In the process of data exploration, it is found that cycling time (including weekdays/weekends, peak hours/off-peak hours), cycling area and user value all have an impact on cycling time. When the four variable conditions are defined successively, it can be found that:

  • Under the same cycling geographic location or user value conditions, the cycling time has an obvious rule to the average cycling time, and the average cycling time in peak hours and weekends is higher than that in non-peak hours and working days.
  • In general, the higher the user value is, the longer the cycling duration is, the farther the cycling area is from the city center, and the longer the cycling duration is, but the former has a much smaller impact on the cycling duration than the latter.

In addition to focusing on the influence of type variables on riding time, the following findings are found:

  • By comparing different cycling geographic locations and user value types, the distribution characteristics of data points in working days and peak hours are highly similar, indicating that the characteristics of vehicle use behavior in working days and peak hours are similar.
  • High-value users are more distributed within the inner ring.

Summary of optimization Suggestions

In view of the above user behavior data analysis conclusions, the following optimization suggestions are proposed:

  • Given the cycling time (working day/weekend, peak/off-peak hours) highly affect riding long features, can be different divisions of riding time, targeted to launch cycling package, marketing activities, to raise the order frequency and order amount (such as cycling at different times of the badges rewards, limited-time free meet peak, cycling etc.)
  • In view of the behavior characteristics of users far from urban areas with high single consumption (long cycling time) and low consumption frequency (few high-value users), corresponding cycling packages can be launched according to the geographical location of cycling, so as to improve the consumption frequency of users in such areas and their dependence on mobike
  • Since the user behavior characteristics are similar during weekdays and peak hours, it can be taken into consideration when designing operational activities

Other instructions

  • Due to the small amount of information in the original data set, the content available for analysis is limited.
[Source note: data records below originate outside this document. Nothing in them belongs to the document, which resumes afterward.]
lemma length_in_iter_coprod: "(c, t) \<in> set (iter_coprod q j b) \<Longrightarrow> length t = Suc j"
proof (induction j arbitrary: c t)
  case (Suc j)
  then show ?case
    by (force dest: length_in_coprod)
qed simp

lemma length_2_cases:
  assumes "length t = 2"
  obtains x y where "t = [x, y]"
  using assms by (auto simp: numeral_2_eq_2 length_Suc_conv)

text \<open>A functional F on H \<otimes> H, given on pure tensors of basis elements, composed with
  right multiplication by \<Delta> X = X \<otimes> g^{-1} + g \<otimes> X.\<close>
definition mul_DeltaX :: "complex \<Rightarrow> (hb \<Rightarrow> hb \<Rightarrow> complex) \<Rightarrow> hb \<Rightarrow> hb \<Rightarrow> complex" where
  "mul_DeltaX q F x y =
     q powi int (snd y) * F (fst x, snd x + 1) (fst y - 1, snd y)
   + q powi - int (snd x) * F (fst x + 1, snd x) (fst y, snd y + 1)"

lemma lin_ext_tpow_DeltaX:
  "lin_ext (\<lambda>t. F (t ! 0) (t ! 1)) (tpow q 2 DeltaX m) = (mul_DeltaX q ^^ m) F (0, 0) (0, 0)"
proof (induction m arbitrary: F)
  case 0
  then show ?case
    by (simp add: numeral_2_eq_2)
next
  case (Suc m)
  have "lin_ext (\<lambda>t. F (t ! 0) (t ! 1)) (tpow q 2 DeltaX (Suc m))
      = lin_ext (\<lambda>t. mul_DeltaX q F (t ! 0) (t ! 1)) (tpow q 2 DeltaX m)"
    unfolding tpow.simps lin_ext_tmul
    by (rule lin_ext_cong, erule length_in_tpow_DeltaX[THEN length_2_cases])
      (simp add: DeltaX_def mul_DeltaX_def hmul_def)
  also have "\<dots> = (mul_DeltaX q ^^ Suc m) F (0, 0) (0, 0)"
    by (metis Suc.IH comp_apply funpow_Suc_right)
  finally show ?case .
qed

lemma lin_ext_coprod:
  "lin_ext (\<lambda>t. F (t ! 0) (t ! 1)) (coprod q (k, m))
     = (mul_DeltaX q ^^ m) (\<lambda>x y. F (k + fst x, snd x) (k + fst y, snd y)) (0, 0) (0, 0)"
proof -
  have "lin_ext (\<lambda>t. F (t ! 0) (t ! 1)) (coprod q (k, m))
      = lin_ext (\<lambda>t. F (k + fst (t ! 0), snd (t ! 0)) (k + fst (t ! 1), snd (t ! 1))) (tpow q 2 DeltaX m)"
    unfolding coprod_eq_tmul_tpow lin_ext_tmul lin_ext_Cons lin_ext_Nil mult_1 add_0_right
    by (rule lin_ext_cong, erule length_in_tpow_DeltaX[THEN length_2_cases]) (simp add: hmul_def)
  also have "\<dots> = (mul_DeltaX q ^^ m) (\<lambda>x y. F (k + fst x, snd x) (k + fst y, snd y)) (0, 0) (0, 0)"
    by (rule lin_ext_tpow_DeltaX)
  finally show ?thesis .
qed

definition deg_functional :: "complex \<Rightarrow> nat \<Rightarrow> hb \<Rightarrow> complex" where
  "deg_functional s p b = (if snd b = p then s powi (fst b * int p) else 0)"

lemma Dq_eq_deg_functional: "Dq s = deg_functional s 1"
  by (simp add: fun_eq_iff Dq_def deg_functional_def)

lemma power2_power_int: "(x\<^sup>2) powi n = x powi (2 * n)"
  for x :: "'a :: division_ring"
  by (simp add: power_int_mult)

text \<open>The value of (\<phi>_p \<otimes> D_q)((g^a X^b \<otimes> g^c X^d) (\<Delta> X)^m), where \<phi>_p = deg_functional s p:
  D_q needs exactly one X in the second factor, so either d = 1 and every factor X \<otimes> g^{-1}
  is chosen, or d = 0 and g \<otimes> X is chosen once, at any of the m positions.\<close>
fun pairing_DeltaX_pow :: "complex \<Rightarrow> nat \<Rightarrow> nat \<Rightarrow> hb \<Rightarrow> hb \<Rightarrow> complex" where
  "pairing_DeltaX_pow s p m (a, b) (c, d) =
    (if d = 1 \<and> b + m = p then s powi (a * int p + c + int m)
     else if d = 0 \<and> b + m = p + 1 then
       s powi ((a + 1) * int p + c + 1 - int m) * (\<Sum>i<m. s powi (2 * (int m - 1 - int b - 2 * int i)))
     else 0)"

lemma mul_DeltaX_pairing_DeltaX_pow:
  assumes "s \<noteq> 0"
  shows "mul_DeltaX (s\<^sup>2) (pairing_DeltaX_pow s p m) (a, b) (c, d) = pairing_DeltaX_pow s p (Suc m) (a, b) (c, d)"
proof -
  have sq_mult: "s\<^sup>2 * s powi z = s powi (z + 2)" for z
    using assms by (simp add: power_int_add)
  consider (no_X) "d = 0" | (one_X) "d = 1" | (more_X) "d \<ge> 2"
    by linarith
  then show ?thesis
  proof cases
    case no_X
    have "(\<Sum>i<Suc m. s powi (2 * (int (Suc m) - 1 - int b - 2 * int i)))
        = s powi (2 * (int m - int b)) + (\<Sum>i<m. s powi (2 * (int m - 1 - int (Suc b) - 2 * int i)))"
      unfolding sum.lessThan_Suc_shift by (simp add: algebra_simps)
    then show ?thesis
      using no_X assms
      by (auto simp: mul_DeltaX_def power2_power_int power_int_add[symmetric] distrib_left algebra_simps)
  next
    case one_X
    then show ?thesis
      by (auto simp: mul_DeltaX_def sq_mult algebra_simps)
  next
    case more_X
    then show ?thesis
      by (simp add: mul_DeltaX_def)
  qed
qed

lemma funpow_mul_DeltaX_pairing:
  assumes "s \<noteq> 0"
  shows "(mul_DeltaX (s\<^sup>2) ^^ m) (\<lambda>x y. deg_functional s p x * Dq s y) = pairing_DeltaX_pow s p m"
proof (induction m)
  case 0
  have "deg_functional s p (a, b) * Dq s (c, d) = pairing_DeltaX_pow s p 0 (a, b) (c, d)" for a b c d
    using assms by (simp add: deg_functional_def Dq_def power_int_add)
  then show ?case
    by (simp add: fun_eq_iff)
next
  case (Suc m)
  have "mul_DeltaX (s\<^sup>2) (pairing_DeltaX_pow s p m) = pairing_DeltaX_pow s p (Suc m)"
    using mul_DeltaX_pairing_DeltaX_pow[OF assms]
    by (simp add: fun_eq_iff split_paired_all del: pairing_DeltaX_pow.simps)
  with Suc.IH show ?case
    by simp
qed

lemma funpow_mul_DeltaX_scale:
  "(mul_DeltaX q ^^ m) (\<lambda>x y. a * F x y) = (\<lambda>x y. a * (mul_DeltaX q ^^ m) F x y)"
  by (induction m) (simp_all add: mul_DeltaX_def fun_eq_iff algebra_simps)

definition conv_Dq :: "complex \<Rightarrow> complex \<Rightarrow> (hb \<Rightarrow> complex) \<Rightarrow> hb \<Rightarrow> complex" where
  "conv_Dq q s \<phi> b = lin_ext (\<lambda>t. \<phi> (t ! 0) * Dq s (t ! 1)) (coprod q b)"

lemma conv_Dq_scale: "conv_Dq q s (\<lambda>b. a * \<phi> b) = (\<lambda>b. a * conv_Dq q s \<phi> b)"
  by (simp add: fun_eq_iff conv_Dq_def mult.assoc lin_ext_scale_left)

lemma conv_Dq_deg_functional:
  assumes "s \<noteq> 0" and "q = s\<^sup>2"
  shows "conv_Dq q s (deg_functional s p) = (\<lambda>b. qint q (Suc p) * deg_functional s (Suc p) b)"
proof
  fix b :: hb
  obtain k m where b: "b = (k, m)"
    by fastforce
  have shift: "deg_functional s p (k + a, b) * Dq s (k + c, d)
      = s powi (k * int (Suc p)) * (deg_functional s p (a, b) * Dq s (c, d))" for a b c d
    using assms(1) by (simp add: deg_functional_def Dq_def power_int_add algebra_simps)
  have "conv_Dq q s (deg_functional s p) (k, m)
      = (mul_DeltaX q ^^ m) (\<lambda>x y. deg_functional s p (k + fst x, snd x) * Dq s (k + fst y, snd y)) (0, 0) (0, 0)"
    unfolding conv_Dq_def by (rule lin_ext_coprod)
  also have "\<dots> = s powi (k * int (Suc p)) * pairing_DeltaX_pow s p m (0, 0) (0, 0)"
    using shift funpow_mul_DeltaX_scale funpow_mul_DeltaX_pairing[OF assms(1)] assms(2) by simp
  also have "\<dots> = qint q (Suc p) * deg_functional s (Suc p) (k, m)"
  proof (cases "m = Suc p")
    case True
    have "qint q m = (\<Sum>i<m. s powi (2 * (int m - 1 - 2 * int i)))"
      unfolding qint_def assms(2) power2_power_int by (simp add: algebra_simps)
    then show ?thesis
      using True by (simp add: deg_functional_def algebra_simps)
  qed (simp add: deg_functional_def)
  finally show "conv_Dq q s (deg_functional s p) b = qint q (Suc p) * deg_functional s (Suc p) b"
    by (simp add: b)
qed

lemma lin_ext_iter_coprod:
  "lin_ext (\<lambda>t. \<phi> (hd t) * prod_list (map (Dq s) (tl t))) (iter_coprod q j b) = (conv_Dq q s ^^ j) \<phi> b"
proof (induction j arbitrary: \<phi>)
  case (Suc j)
  have "lin_ext (\<lambda>t. \<phi> (hd t) * prod_list (map (Dq s) (tl t))) (iter_coprod q (Suc j) b)
      = lin_ext (\<lambda>t. lin_ext (\<lambda>u. \<phi> (hd (u @ tl t)) * prod_list (map (Dq s) (tl (u @ tl t))))
                        (coprod q (hd t))) (iter_coprod q j b)"
    by (simp only: iter_coprod.simps lin_ext_concat_map)
  also have "\<dots> = lin_ext (\<lambda>t. conv_Dq q s \<phi> (hd t) * prod_list (map (Dq s) (tl t))) (iter_coprod q j b)"
    unfolding conv_Dq_def lin_ext_scale_right[symmetric]
    by (rule lin_ext_cong, rule lin_ext_cong, erule length_in_coprod[THEN length_2_cases])
      (simp add: mult.assoc)
  also have "\<dots> = (conv_Dq q s ^^ Suc j) \<phi> b"
    by (metis Suc.IH comp_apply funpow_Suc_right)
  finally show ?case .
qed simp

lemma conv_pow_eq_funpow_conv_Dq: "conv_pow q s n b = (conv_Dq q s ^^ (n - 1)) (Dq s) b"
proof -
  have "conv_pow q s n b = lin_ext (\<lambda>t. prod_list (map (Dq s) t)) (iter_coprod q (n - 1) b)"
    by (simp add: conv_pow_def lin_ext_def)
  also have "\<dots> = lin_ext (\<lambda>t. Dq s (hd t) * prod_list (map (Dq s) (tl t))) (iter_coprod q (n - 1) b)"
  proof (intro lin_ext_cong)
    fix c t
    assume "(c, t) \<in> set (iter_coprod q (n - 1) b)"
    then have "t \<noteq> []"
      using length_in_iter_coprod by fastforce
    then show "prod_list (map (Dq s) t) = Dq s (hd t) * prod_list (map (Dq s) (tl t))"
      by (cases t) simp_all
  qed
  also have "\<dots> = (conv_Dq q s ^^ (n - 1)) (Dq s) b"
    by (rule lin_ext_iter_coprod)
  finally show ?thesis .
qed

lemma funpow_conv_Dq_Dq:
  assumes "s \<noteq> 0" and "q = s\<^sup>2"
  shows "(conv_Dq q s ^^ j) (Dq s) = (\<lambda>b. qfact q (Suc j) * deg_functional s (Suc j) b)"
proof (induction j)
  case 0
  show ?case
    by (simp add: Dq_eq_deg_functional qfact_def qint_def)
next
  case (Suc j)
  have "qfact q (Suc (Suc j)) = qfact q (Suc j) * qint q (Suc (Suc j))"
    by (simp add: qfact_def)
  then show ?case
    using Suc by (simp add: conv_Dq_scale conv_Dq_deg_functional[OF assms] mult.assoc)
qed

lemma conv_pow_closed_form:
  assumes "s \<noteq> 0" and "q = s\<^sup>2" and "n \<ge> 1"
  shows "conv_pow q s n (k, m) = (if n = m then qfact q m * s powi (k * int m) else 0)"
  using assms by (simp add: conv_pow_eq_funpow_conv_Dq funpow_conv_Dq_Dq deg_functional_def)

theorem mainTheorem2:
  fixes q s :: complex and n :: nat
  assumes "q \<noteq> 0" and "s ^ 2 = q" and "n \<ge> 1"
  shows "(\<forall>(k::int) (m::nat). conv_pow q s n (k, m) =
            (if n = m then qfact q m * s powi (k * int m) else 0))
       \<and> (\<forall>(i::int) (j::int) (m::nat).
            conv_pow_lin q s n (hprod q (hprod q [(1, (i, 0))] [(1, (0, m))]) [(1, (j, 0))]) =
            (if n = m then qfact q m * s powi ((i - j) * int m) else 0))"
proof -
  have s: "s \<noteq> 0" and q: "q = s\<^sup>2"
    using assms by auto
  have basis: "conv_pow q s n (k, m) = (if n = m then qfact q m * s powi (k * int m) else 0)"
    for k m
    using conv_pow_closed_form[OF s q assms(3)] .
  moreover have "conv_pow_lin q s n (hprod q (hprod q [(1, (i, 0))] [(1, (0, m))]) [(1, (j, 0))]) =
      (if n = m then qfact q m * s powi ((i - j) * int m) else 0)" for i j m
  proof -
    have "hprod q (hprod q [(1, (i, 0))] [(1, (0, m))]) [(1, (j, 0))] = [(q powi - (int m * j), (i + j, m))]"
      by (simp add: hprod_def hmul_def)
    moreover have "q powi - (int m * j) * s powi ((i + j) * int m) = s powi ((i - j) * int m)"
      using s by (simp add: q power2_power_int power_int_add[symmetric] algebra_simps)
    ultimately show ?thesis
      by (simp add: conv_pow_lin_def basis mult.assoc mult.left_commute)
  qed
  ultimately show ?thesis
    by blast
qed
After expanding the information and scope of the data set, the content available for analysis includes but is not limited to:

  • The critical path conversion rate is analyzed according to users’ click data in the APP, so as to determine whether the supply and demand of bikes in a certain region is balanced, so as to optimize the quantity of bikes and scheduling efficiency

  • Monthly and quarterly periodicity of bicycle use as a reference and basis for marketing program design and optimization

The influence of preferential activities such as cycling vouchers, cycling packages and top-up cashback on users’ cycling behavior can be used as a reference and basis analysis process for users’ refined operation or marketing plan design

The analysis process

The influence of four types of variables on cycling duration is mainly concerned. Firstly, the data distribution of cycling duration and cycling distance is introduced. Then, by drawing the violin diagram, we observed the highly similar data characteristics of the two variables with the change of type variables, and determined that we only need to pay attention to the relationship between the key indicator of cycling time and the four types of variables. Finally, the influence of other variables on riding time under the control of type variables under different conditions is plotted by point diagram.

Import all libraries you need and set the chart to display directly
import numpy as np
import pandas as pd
import matplotlib.pyplot as plt
import seaborn as sb

%matplotlib inline

Clear warnings in output
import warnings
warnings.simplefilter("ignore")

Import the cleaned and collated dataset
df_e = pd.read_csv('mobike_master.csv')

Convert the corresponding column to a category variable
order_dict = {'ring_stage': ['inside inner ring'.'inside middle ring'.'inside outer ring'.'outside outer ring'].'rate': ['high-value user'.'middle-value user'.'low-value user'].'daytype': ['weekdays'.'weekends'].'hourtype': ['rush hours'.'non-rush hours']}
for var in order_dict:
    order = pd.api.types.CategoricalDtype(ordered = True, categories = order_dict[var])
    df_e[var] = df_e[var].astype(order)

# Data cleaning: remove a small amount of data that are obviously abnormal in cycling speed, cycling duration and cycling distance
df_e['speed'] = df_e['distance'] / (df_e['ttl_min'] / 60)
df_e = df_e[-(((df_e['speed'] < 12) | (df_e['speed'] > 20)) & ((df_e['ttl_min'] > 720) | (df_e['distance'] > 50))))Copy the code

Cycling duration distribution

The data range of cycling duration is very large, with a minimum value of 1 minute and a maximum value of 666 minutes, presenting a long-tail distribution, and most cycling duration is short. It can be found by using the X-axis plot of log transformation that cycling duration presents a right skew distribution, and the peak value appears between 7-10 minutes.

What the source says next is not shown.